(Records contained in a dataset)

text \<open>Z_q(m) = {e in Z(m) | q e = 0}; q e is the q-fold sum, i.e. (of_nat q) acting.\<close>
definition Zq :: "('r::comm_ring_1, 'a) lie_alg \<Rightarrow> nat \<Rightarrow> 'a set" where
  "Zq L q = {e \<in> lie_center L. lsmul L (of_nat q) e = lzero L}"

text \<open>q-capable, with the witnessing Lie algebra ranging over carrier type 'b.\<close>
definition q_capable :: "('r::comm_ring_1, 'a) lie_alg \<Rightarrow> nat \<Rightarrow> 'b itself \<Rightarrow> bool" where
  "q_capable g q (_::'b itself) \<longleftrightarrow>
     (\<exists>M :: ('r, 'b) lie_alg. lie_algebra M \<and> lie_isomorphic g (lie_quot M (Zq M q)))"

definition lie_der :: "('r, 'a) lie_alg \<Rightarrow> ('a \<Rightarrow> 'a) set" where
  "lie_der L = {d. d \<in> extensional (car L) \<and> d \<in> car L \<rightarrow> car L \<and>
     (\<forall>x\<in>car L. \<forall>y\<in>car L. d (ladd L x y) = ladd L (d x) (d y) \<and>
        d (lbr L x y) = ladd L (lbr L (d x) y) (lbr L x (d y))) \<and>
     (\<forall>a. \<forall>x\<in>car L. d (lsmul L a x) = lsmul L a (d x))}"

definition inner_der :: "('r, 'a) lie_alg \<Rightarrow> 'a \<Rightarrow> ('a \<Rightarrow> 'a)" where
  "inner_der L m = restrict (\<lambda>x. lbr L m x) (car L)"

definition qmult :: "('r::comm_ring_1, 'a) lie_alg \<Rightarrow> nat \<Rightarrow> 'a set" where
  "qmult L q = {lsmul L (of_nat q) m | m. m \<in> car L}"

definition qpre :: "('r::comm_ring_1, 'a) lie_alg \<Rightarrow> nat \<Rightarrow> 'a \<Rightarrow> 'a" where
  "qpre L q x = (SOME m. m \<in> car L \<and> x = lsmul L (of_nat q) m)"

text \<open>The Lie algebra Der(m) x qm with [(d,qm),(d',qm')] = ([d,d'], q[m,m']).\<close>
definition der_times_q :: "('r::comm_ring_1, 'a) lie_alg \<Rightarrow> nat \<Rightarrow> ('r, ('a \<Rightarrow> 'a) \<times> 'a) lie_alg" where
  "der_times_q L q =
    \<lparr> car = lie_der L \<times> qmult L q,
      ladd = (\<lambda>(d, x) (d', x'). (restrict (\<lambda>y. ladd L (d y) (d' y)) (car L), ladd L x x')),
      lzero = (restrict (\<lambda>y. lzero L) (car L), lzero L),
      lneg = (\<lambda>(d, x). (restrict (\<lambda>y. lneg L (d y)) (car L), lneg L x)),
      lsmul = (\<lambda>a (d, x). (restrict (\<lambda>y. lsmul L a (d y)) (car L), lsmul L a x)),
      lbr = (\<lambda>(d, x) (d', x').
               (restrict (\<lambda>y. ladd L (d (d' y)) (lneg L (d' (d y)))) (car L),
                lsmul L (of_nat q) (lbr L (qpre L q x) (qpre L q x')))) \<rparr>"

definition IDer :: "('r::comm_ring_1, 'a) lie_alg \<Rightarrow> nat \<Rightarrow> ('r, ('a \<Rightarrow> 'a) \<times> 'a) lie_alg" where
  "IDer L q = (der_times_q L q)
     \<lparr> car := {(inner_der L m, lsmul L (of_nat q) m) | m. m \<in> car L} \<rparr>"

end

theory Submission
  imports Defs
begin

text \<open>The map \<open>m \<mapsto> (d\<^sub>m, q m)\<close> is a surjective Lie homomorphism from \<open>m\<close> onto
  \<open>IDer(m, q)\<close>, and two elements have the same image exactly when they differ by an element of
  \<open>Z\<^sub>q(m)\<close>: equal inner derivations means the difference is central, equal \<open>q\<close>-multiples means
  it is killed by \<open>q\<close>. Hence \<open>m/Z\<^sub>q(m) \<cong> IDer(m, q)\<close>, and both sides of the equivalence say
  that \<open>g\<close> is isomorphic to this algebra for some \<open>m\<close>.\<close>

definition lie_closed :: "('r, 'a) lie_alg \<Rightarrow> bool" where
  "lie_closed L \<longleftrightarrow>
     (\<forall>x\<in>car L. \<forall>y\<in>car L. ladd L x y \<in> car L \<and> lbr L x y \<in> car L) \<and>
     (\<forall>a. \<forall>x\<in>car L. lsmul L a x \<in> car L)"

lemma lie_iso_comp: "lie_iso L M f \<Longrightarrow> lie_iso M N h \<Longrightarrow> lie_iso L N (h \<circ> f)"
  unfolding lie_iso_def lie_hom_def by (auto simp: bij_betw_trans Pi_iff)

lemma lie_isomorphic_trans:
  "lie_isomorphic L M \<Longrightarrow> lie_isomorphic M N \<Longrightarrow> lie_isomorphic L N"
  unfolding lie_isomorphic_def by (blast intro: lie_iso_comp)

lemma lie_iso_inv_into:
  assumes closed: "lie_closed L" and iso: "lie_iso L M f"
  shows "lie_iso M L (inv_into (car L) f)"
proof -
  let ?g = "inv_into (car L) f"
  have hom: "lie_hom L M f" and bij: "bij_betw f (car L) (car M)"
    using iso unfolding lie_iso_def by auto
  have bij_inv: "bij_betw ?g (car M) (car L)"
    using bij by (rule bij_betw_inv_into)
  have g_car: "?g y \<in> car L" if "y \<in> car M" for y
    using bij_inv that bij_betwE by blast
  have f_g: "f (?g y) = y" if "y \<in> car M" for y
    using bij that bij_betw_inv_into_right by metis
  have g_f: "?g (f x) = x" if "x \<in> car L" for x
    using bij that bij_betw_inv_into_left by metis
  have "lie_hom M L ?g"
    unfolding lie_hom_def
  proof (intro conjI ballI allI)
    show "?g \<in> car M \<rightarrow> car L"
      using g_car by auto
  next
    fix x y assume "x \<in> car M" "y \<in> car M"
    then have "ladd M x y = f (ladd L (?g x) (?g y))" "lbr M x y = f (lbr L (?g x) (?g y))"
      using hom g_car f_g unfolding lie_hom_def by simp_all
    then show "?g (ladd M x y) = ladd L (?g x) (?g y)" "?g (lbr M x y) = lbr L (?g x) (?g y)"
      using closed g_car g_f \<open>x \<in> car M\<close> \<open>y \<in> car M\<close> unfolding lie_closed_def by simp_all
  next
    fix a x assume "x \<in> car M"
    then have "lsmul M a x = f (lsmul L a (?g x))"
      using hom g_car f_g unfolding lie_hom_def by simp
    then show "?g (lsmul M a x) = lsmul L a (?g x)"
      using closed g_car g_f \<open>x \<in> car M\<close> unfolding lie_closed_def by simp
  qed
  then show ?thesis
    using bij_inv unfolding lie_iso_def by blast
qed

lemma lie_isomorphic_sym: "lie_closed L \<Longrightarrow> lie_isomorphic L M \<Longrightarrow> lie_isomorphic M L"
  unfolding lie_isomorphic_def by (blast intro: lie_iso_inv_into)

locale lie =
  fixes M :: "('r::comm_ring_1, 'a) lie_alg"
  assumes lie_algebra: "lie_algebra M"
begin

lemma zero_closed [simp]: "lzero M \<in> car M"
  and add_closed [simp]: "x \<in> car M \<Longrightarrow> y \<in> car M \<Longrightarrow> ladd M x y \<in> car M"
  and br_closed [simp]: "x \<in> car M \<Longrightarrow> y \<in> car M \<Longrightarrow> lbr M x y \<in> car M"
  and neg_closed [simp]: "x \<in> car M \<Longrightarrow> lneg M x \<in> car M"
  and smul_closed [simp]: "x \<in> car M \<Longrightarrow> lsmul M a x \<in> car M"
  using lie_algebra unfolding lie_algebra_def by auto

lemma add_assoc: "x \<in> car M \<Longrightarrow> y \<in> car M \<Longrightarrow> z \<in> car M \<Longrightarrow>
    ladd M (ladd M x y) z = ladd M x (ladd M y z)"
  and add_comm: "x \<in> car M \<Longrightarrow> y \<in> car M \<Longrightarrow> ladd M x y = ladd M y x"
  and zero_add [simp]: "x \<in> car M \<Longrightarrow> ladd M (lzero M) x = x"
  and neg_add_cancel [simp]: "x \<in> car M \<Longrightarrow> ladd M (lneg M x) x = lzero M"
  and smul_add: "x \<in> car M \<Longrightarrow> y \<in> car M \<Longrightarrow>
    lsmul M a (ladd M x y) = ladd M (lsmul M a x) (lsmul M a y)"
  and smul_mult: "x \<in> car M \<Longrightarrow> lsmul M (a * b) x = lsmul M a (lsmul M b x)"
  and br_add_left: "x \<in> car M \<Longrightarrow> y \<in> car M \<Longrightarrow> z \<in> car M \<Longrightarrow>
    lbr M (ladd M x y) z = ladd M (lbr M x z) (lbr M y z)"
  and br_add_right: "x \<in> car M \<Longrightarrow> y \<in> car M \<Longrightarrow> z \<in> car M \<Longrightarrow>
    lbr M z (ladd M x y) = ladd M (lbr M z x) (lbr M z y)"
  and br_smul_left: "x \<in> car M \<Longrightarrow> y \<in> car M \<Longrightarrow> lbr M (lsmul M a x) y = lsmul M a (lbr M x y)"
  and br_smul_right: "x \<in> car M \<Longrightarrow> y \<in> car M \<Longrightarrow> lbr M x (lsmul M a y) = lsmul M a (lbr M x y)"
  and br_self: "x \<in> car M \<Longrightarrow> lbr M x x = lzero M"
  and jacobi: "x \<in> car M \<Longrightarrow> y \<in> car M \<Longrightarrow> z \<in> car M \<Longrightarrow>
    ladd M (ladd M (lbr M x (lbr M y z)) (lbr M y (lbr M z x))) (lbr M z (lbr M x y)) = lzero M"
  using lie_algebra unfolding lie_algebra_def by auto

lemma add_zero [simp]: "x \<in> car M \<Longrightarrow> ladd M x (lzero M) = x"
  using add_comm[of x "lzero M"] by simp

lemma add_neg_cancel [simp]: "x \<in> car M \<Longrightarrow> ladd M x (lneg M x) = lzero M"
  using add_comm[of x "lneg M x"] by simp

lemma add_left_cancel:
  assumes "x \<in> car M" "y \<in> car M" "z \<in> car M" and "ladd M x y = ladd M x z"
  shows "y = z"
proof -
  have "y = ladd M (lneg M x) (ladd M x y)"
    using assms add_assoc[of "lneg M x" x y] by simp
  also have "\<dots> = ladd M (lneg M x) (ladd M x z)"
    using assms(4) by simp
  also have "\<dots> = z"
    using assms add_assoc[of "lneg M x" x z] by simp
  finally show ?thesis .
qed

lemma eq_neg_if_add_eq_zero:
  assumes "x \<in> car M" "y \<in> car M" "ladd M x y = lzero M"
  shows "x = lneg M y"
  using add_left_cancel[of y x "lneg M y"] assms add_comm[of x y] by simp

lemma eq_zero_if_add_self:
  assumes "x \<in> car M" "ladd M x x = x"
  shows "x = lzero M"
  using add_left_cancel[of x x "lzero M"] assms by simp

lemma neg_neg [simp]: "x \<in> car M \<Longrightarrow> lneg M (lneg M x) = x"
  by (rule eq_neg_if_add_eq_zero[symmetric]) simp_all

lemma neg_zero [simp]: "lneg M (lzero M) = lzero M"
  by (rule eq_neg_if_add_eq_zero[symmetric]) simp_all

lemma neg_add_eq_zero_iff:
  assumes "x \<in> car M" "y \<in> car M"
  shows "ladd M (lneg M x) y = lzero M \<longleftrightarrow> x = y"
proof
  assume "ladd M (lneg M x) y = lzero M"
  then have "lneg M x = lneg M y"
    using assms by (simp add: eq_neg_if_add_eq_zero)
  then show "x = y"
    using assms neg_neg by metis
qed (use assms in simp)

lemma br_zero_left [simp]: "y \<in> car M \<Longrightarrow> lbr M (lzero M) y = lzero M"
  using eq_zero_if_add_self[of "lbr M (lzero M) y"] br_add_left[of "lzero M" "lzero M" y] by simp

lemma br_zero_right [simp]: "y \<in> car M \<Longrightarrow> lbr M y (lzero M) = lzero M"
  using eq_zero_if_add_self[of "lbr M y (lzero M)"] br_add_right[of "lzero M" "lzero M" y] by simp

lemma smul_zero [simp]: "lsmul M a (lzero M) = lzero M"
  using eq_zero_if_add_self[of "lsmul M a (lzero M)"] smul_add[of "lzero M" "lzero M" a] by simp

lemma br_neg_left: "x \<in> car M \<Longrightarrow> y \<in> car M \<Longrightarrow> lbr M (lneg M x) y = lneg M (lbr M x y)"
  using eq_neg_if_add_eq_zero[of "lbr M (lneg M x) y" "lbr M x y"] br_add_left[of "lneg M x" x y]
  by simp

lemma br_neg_right: "x \<in> car M \<Longrightarrow> y \<in> car M \<Longrightarrow> lbr M y (lneg M x) = lneg M (lbr M y x)"
  using eq_neg_if_add_eq_zero[of "lbr M y (lneg M x)" "lbr M y x"] br_add_right[of "lneg M x" x y]
  by simp

lemma smul_neg: "x \<in> car M \<Longrightarrow> lsmul M a (lneg M x) = lneg M (lsmul M a x)"
  using eq_neg_if_add_eq_zero[of "lsmul M a (lneg M x)" "lsmul M a x"] smul_add[of "lneg M x" x a]
  by simp

lemma smul_commute: "x \<in> car M \<Longrightarrow> lsmul M a (lsmul M b x) = lsmul M b (lsmul M a x)"
  using smul_mult[of x a b] smul_mult[of x b a] by (simp add: mult.commute)

lemma br_anticomm:
  assumes "x \<in> car M" "y \<in> car M"
  shows "lbr M x y = lneg M (lbr M y x)"
proof -
  have "lzero M = lbr M (ladd M x y) (ladd M x y)"
    using assms br_self by simp
  also have "\<dots> = ladd M (ladd M (lbr M x x) (lbr M y x)) (ladd M (lbr M x y) (lbr M y y))"
    using assms by (simp add: br_add_left br_add_right)
  also have "\<dots> = ladd M (lbr M y x) (lbr M x y)"
    using assms by (simp add: br_self)
  finally have "ladd M (lbr M x y) (lbr M y x) = lzero M"
    using assms add_comm[of "lbr M y x" "lbr M x y"] by simp
  then show ?thesis
    using assms by (simp add: eq_neg_if_add_eq_zero)
qed

text \<open>The Jacobi identity in the form \<open>[d\<^sub>m, d\<^sub>n] = d\<^bsub>[m, n]\<^esub>\<close> for inner derivations.\<close>

lemma br_br_sub_br_br:
  assumes "m \<in> car M" "n \<in> car M" "y \<in> car M"
  shows "ladd M (lbr M m (lbr M n y)) (lneg M (lbr M n (lbr M m y))) = lbr M (lbr M m n) y"
proof -
  let ?A = "lbr M m (lbr M n y)" and ?B = "lbr M n (lbr M m y)" and ?C = "lbr M (lbr M m n) y"
  have "lbr M n (lbr M y m) = lneg M ?B"
    using assms br_anticomm[of y m] br_neg_right[of "lbr M m y" n] by simp
  moreover have "lbr M y (lbr M m n) = lneg M ?C"
    using assms br_anticomm[of y "lbr M m n"] by simp
  ultimately have sum_zero: "ladd M (ladd M ?A (lneg M ?B)) (lneg M ?C) = lzero M"
    using jacobi[of m n y] assms by simp
  have "ladd M ?A (lneg M ?B) = lneg M (lneg M ?C)"
    by (rule eq_neg_if_add_eq_zero[OF _ _ sum_zero]) (simp_all add: assms)
  then show ?thesis
    using assms by simp
qed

## Work to complete
All lines above from the one holding "(car M) (car" to the one holding "y) = ladd L (?g", inclusive, are to be copied exactly; no other line is wanted.

## Exercise answer
  have bij_inv: "bij_betw ?g (car M) (car L)"
    using bij by (rule bij_betw_inv_into)
  have g_car: "?g y \<in> car L" if "y \<in> car M" for y
    using bij_inv that bij_betwE by blast
  have f_g: "f (?g y) = y" if "y \<in> car M" for y
    using bij that bij_betw_inv_into_right by metis
  have g_f: "?g (f x) = x" if "x \<in> car L" for x
    using bij that bij_betw_inv_into_left by metis
  have "lie_hom M L ?g"
    unfolding lie_hom_def
  proof (intro conjI ballI allI)
    show "?g \<in> car M \<rightarrow> car L"
      using g_car by auto
  next
    fix x y assume "x \<in> car M" "y \<in> car M"
    then have "ladd M x y = f (ladd L (?g x) (?g y))" "lbr M x y = f (lbr L (?g x) (?g y))"
      using hom g_car f_g unfolding lie_hom_def by simp_all
    then show "?g (ladd M x y) = ladd L (?g x) (?g y)" "?g (lbr M x y) = lbr L (?g x) (?g y)"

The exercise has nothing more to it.